Changes in Internal Control Over Financial Reporting
     There were no changes in our internal control over financial reporting that occurred during our last fiscal quarter ended April 25, 2009 that have materially affected or are reasonably likely to materially affect, our internal control over financial reporting.
PART II. OTHER INFORMATION
ITEM 1. LEGAL PROCEEDINGS
     The company and its subsidiaries from time to time are parties to, or targets of, lawsuits, claims, investigations and proceedings, including personal injury, commercial, contract, environmental, antitrust, product liability, health and safety and employment matters, which are being handled and defended in the ordinary course of business. While the company is unable to predict the outcome of these matters, it believes, based upon currently available facts, that it is remote that the ultimate resolution of any such pending matters will have a material adverse effect on its overall financial condition, results of operations or cash flows in the future. However, adverse developments could negatively impact earnings in a future fiscal periods.

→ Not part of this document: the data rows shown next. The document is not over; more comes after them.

text \<open>Suppose a vertex v of type 2, with leaves a and b, were adjacent to a vertex u of type 0.
  As u has no leaf neighbour, every neighbour w \<noteq> v of u has a neighbour x \<noteq> u. Girth at least 6
  makes the vertices at distance two from u independent and rules out the square u w x v, so v
  together with the second neighbours of u that are not adjacent to v extends to a maximal
  independent set M meeting the neighbourhood of u only in v. Exchanging v for a, b and u turns M
  into an independent set two larger, whence \<open>\<alpha>(G) - i(G) \<ge> 2\<close>.\<close>

lemma
  assumes "simple_graph V E"
  shows simple_graph_finite: "finite V"
    and simple_graph_edge_in_V: "E x y \<Longrightarrow> x \<in> V \<and> y \<in> V"
    and simple_graph_sym: "E x y \<Longrightarrow> E y x"
    and simple_graph_irrefl: "\<not> E x x"
  using assms unfolding simple_graph_def by blast+

lemma successively_nth:
  assumes "successively P xs" "Suc i < length xs"
  shows "P (xs ! i) (xs ! Suc i)"
  using assms by (induction P xs arbitrary: i rule: successively.induct) (auto simp: less_Suc_eq_0_disj)

lemma is_cycleI:
  assumes "3 \<le> length cs" "distinct cs" "set cs \<subseteq> V"
    and "successively E cs" "E (last cs) (hd cs)"
  shows "is_cycle V E cs"
  unfolding is_cycle_def
proof (intro conjI allI impI)
  fix i assume i: "i < length cs"
  show "E (cs ! i) (cs ! ((i + 1) mod length cs))"
  proof (cases "Suc i < length cs")
    case True
    then show ?thesis using successively_nth[OF assms(4)] by simp
  next
    case False
    with i have "i = length cs - 1" by simp
    moreover have "cs \<noteq> []" using assms(1) by auto
    ultimately show ?thesis using assms(5) by (simp add: last_conv_nth hd_conv_nth)
  qed
qed (use assms in auto)

lemma girth_at_least_mono:
  "girth_at_least V E h \<Longrightarrow> g \<le> h \<Longrightarrow> girth_at_least V E g"
  unfolding girth_at_least_def by fastforce

lemma girth_at_least_4_no_triangle:
  assumes "simple_graph V E" "girth_at_least V E 4" "E a b" "E b c"
  shows "\<not> E c a"
proof
  assume "E c a"
  with assms have "is_cycle V E [a, b, c]"
    by (intro is_cycleI) (auto dest: simple_graph_edge_in_V simp: simple_graph_irrefl)
  with assms(2) show False unfolding girth_at_least_def by fastforce
qed

lemma girth_at_least_5_no_square:
  assumes "simple_graph V E" "girth_at_least V E 5" "E a b" "E b c" "E c d" "a \<noteq> c" "b \<noteq> d"
  shows "\<not> E d a"
proof
  assume "E d a"
  with assms have "is_cycle V E [a, b, c, d]"
    by (intro is_cycleI) (auto dest: simple_graph_edge_in_V simp: simple_graph_irrefl)
  with assms(2) show False unfolding girth_at_least_def by fastforce
qed

lemma girth_at_least_6_no_pentagon:
  assumes "simple_graph V E" "girth_at_least V E 6" "E a b" "E b c" "E c d" "E d e"
    and "a \<noteq> c" "a \<noteq> d" "b \<noteq> d" "b \<noteq> e" "c \<noteq> e"
  shows "\<not> E e a"
proof
  assume "E e a"
  with assms have "is_cycle V E [a, b, c, d, e]"
    by (intro is_cycleI) (auto dest: simple_graph_edge_in_V simp: simple_graph_irrefl)
  with assms(2) show False unfolding girth_at_least_def by fastforce
qed

definition second_neighbours :: "('a \<Rightarrow> 'a \<Rightarrow> bool) \<Rightarrow> 'a \<Rightarrow> 'a set" where
  "second_neighbours E u = {x. x \<noteq> u \<and> (\<exists>w. E u w \<and> E w x)}"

     On July 23, 2008, a wholly-owned subsidiary of the company filed a lawsuit against Interstate Bakeries Corporation (“IBC”) in the United States District Court for the Northern District of Georgia. The complaint alleges that IBC is infringing upon Flowers’ Nature’s Own trademarks by using the Nature’s Pride trademark. The company asserts that IBC’s sale of baked goods under the Nature’s Pride trademark is likely to cause confusion with, and likely to dilute the distinctiveness of, the Nature’s Own mark. The company is seeking actual damages, an accounting of IBC’s profits, and injunctive relief. IBC has asserted a counterclaim for the cancellation of two of the four federal trademark registrations of Nature’s Own asserted by the company. However, we deny these allegations and believes that the claims are without factual or legal bases.

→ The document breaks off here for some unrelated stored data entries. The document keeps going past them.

lemma scc_essential_solution:
  assumes mvf: "multivector_field X V" and fin: "finite (topspace X)" and S: "S \<in> scc X V"
    and "x0 \<in> S" and crit: "\<And>W. W \<in> V \<Longrightarrow> S \<subseteq> W \<Longrightarrow> critical X W"
  obtains \<psi> where "ess_solution X V S \<psi>" and "\<psi> 0 = x0" and "range \<psi> = S"
proof -
  obtain \<psi> and L :: int where L: "L > 0" and per: "\<And>t k. \<psi> (t + k * L) = \<psi> t"
    and start: "\<psi> 0 = x0" and range: "range \<psi> = S" and step: "\<And>t. \<psi> (t + 1) \<in> Pi_V X V (\<psi> t)"
    using scc_periodic_solution[OF mvf fin S assms(4)] by metis
  have "full_solution X V S \<psi>" unfolding full_solution_def using range step by auto
  moreover have "essential X V \<psi>"
  proof (rule essential_periodicI[OF L per])
    fix t assume "\<not> critical X (cell V (\<psi> t))"
    moreover have "\<psi> t \<in> topspace X" using range scc_subset_topspace[OF S] by auto
    then have "cell V (\<psi> t) \<in> V" by (rule cell_in_field[OF mvf])
    ultimately show "\<not> range \<psi> \<subseteq> cell V (\<psi> t)" using crit range by blast
  qed
  ultimately show ?thesis using that start range unfolding ess_solution_def by blast
qed

lemma mem_essential_sccs_iff:
  assumes mvf: "multivector_field X V" and fin: "finite (topspace X)" and S: "S \<in> scc X V"
  shows "S \<in> essential_sccs X V \<longleftrightarrow> (\<forall>W\<in>V. S \<subseteq> W \<longrightarrow> critical X W)"
proof
  assume "S \<in> essential_sccs X V"
  then obtain \<phi> where "ess_solution X V (topspace X) \<phi>" "range \<phi> \<subseteq> S"
    unfolding essential_sccs_def by blast
  then show "\<forall>W\<in>V. S \<subseteq> W \<longrightarrow> critical X W"
    using critical_if_essential_range_subset[OF mvf] unfolding ess_solution_def by blast
next
  assume "\<forall>W\<in>V. S \<subseteq> W \<longrightarrow> critical X W"
  moreover obtain x0 where "x0 \<in> S" using scc_nonempty[OF S] by blast
  ultimately obtain \<psi> where "ess_solution X V S \<psi>" "range \<psi> = S"
    using scc_essential_solution[OF mvf fin S] by metis
  then have "ess_solution X V (topspace X) \<psi>" "range \<psi> \<subseteq> S"
    using scc_subset_topspace[OF S] unfolding ess_solution_def full_solution_def by auto
  then show "S \<in> essential_sccs X V" using S unfolding essential_sccs_def by blast
qed

lemma isolated_invariant_essential_scc:
  assumes mvf: "multivector_field X V" and fin: "finite (topspace X)"
    and M: "M \<in> essential_sccs X V"
  shows "isolated_invariant X V M"
proof -
  have S: "M \<in> scc X V" using M unfolding essential_sccs_def by blast
  have Mtop: "M \<subseteq> topspace X" using scc_subset_topspace[OF S] .
  have crit: "critical X W" if "W \<in> V" and "M \<subseteq> W" for W
    using M mem_essential_sccs_iff[OF mvf fin S] that by blast
  have "M \<subseteq> Inv X V M"
  proof
    fix x assume x: "x \<in> M"
    obtain \<psi> where "ess_solution X V M \<psi>" "\<psi> 0 = x" "range \<psi> = M"
      by (rule scc_essential_solution[OF mvf fin S x crit])
    with x show "x \<in> Inv X V M" unfolding Inv_def by blast
  qed
  then have "invariant X V M" unfolding invariant_def Inv_def by blast
  moreover have "isolates X V (topspace X) M"
    unfolding isolates_def
  proof (intro conjI allI impI)
    fix \<phi> a b assume path: "vpath X V (topspace X) \<phi> a b \<and> \<phi> a \<in> M \<and> \<phi> b \<in> M"
    show "\<phi> ` {a..b} \<subseteq> M"
    proof
      fix z assume "z \<in> \<phi> ` {a..b}"
      then obtain i where "a \<le> i" "i \<le> b" "z = \<phi> i" by auto
      then show "z \<in> M"
        using scc_convex[OF mvf S] path vpath_rtrancl[of X V \<phi> a b] by blast
    qed
  qed (use Mtop Pi_V_subset_topspace[OF mvf] in \<open>auto simp: Pi_Vset_def\<close>)
  ultimately show ?thesis unfolding isolated_invariant_def by blast
qed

     The company’s facilities are subject to various federal, state and local laws and regulations regarding the discharge of material into the environment and the protection of the environment in other ways. The company is not a party to any material proceedings arising under these regulations. The company believes that compliance with existing environmental laws and regulations will not materially affect the consolidated financial condition or the competitive position of the company. The company is currently in substantial compliance with all material environmental regulations affecting the company and its properties.
ITEM 1A. RISK FACTORS
     Please refer to Part I, Item 1A., Risk Factors, in the company’s Form 10-K for the year ended January 3, 2009 for information regarding factors that could affect the company’s results of operations, financial condition and liquidity. There have been no changes to our risk factors during the first quarter of fiscal 2009.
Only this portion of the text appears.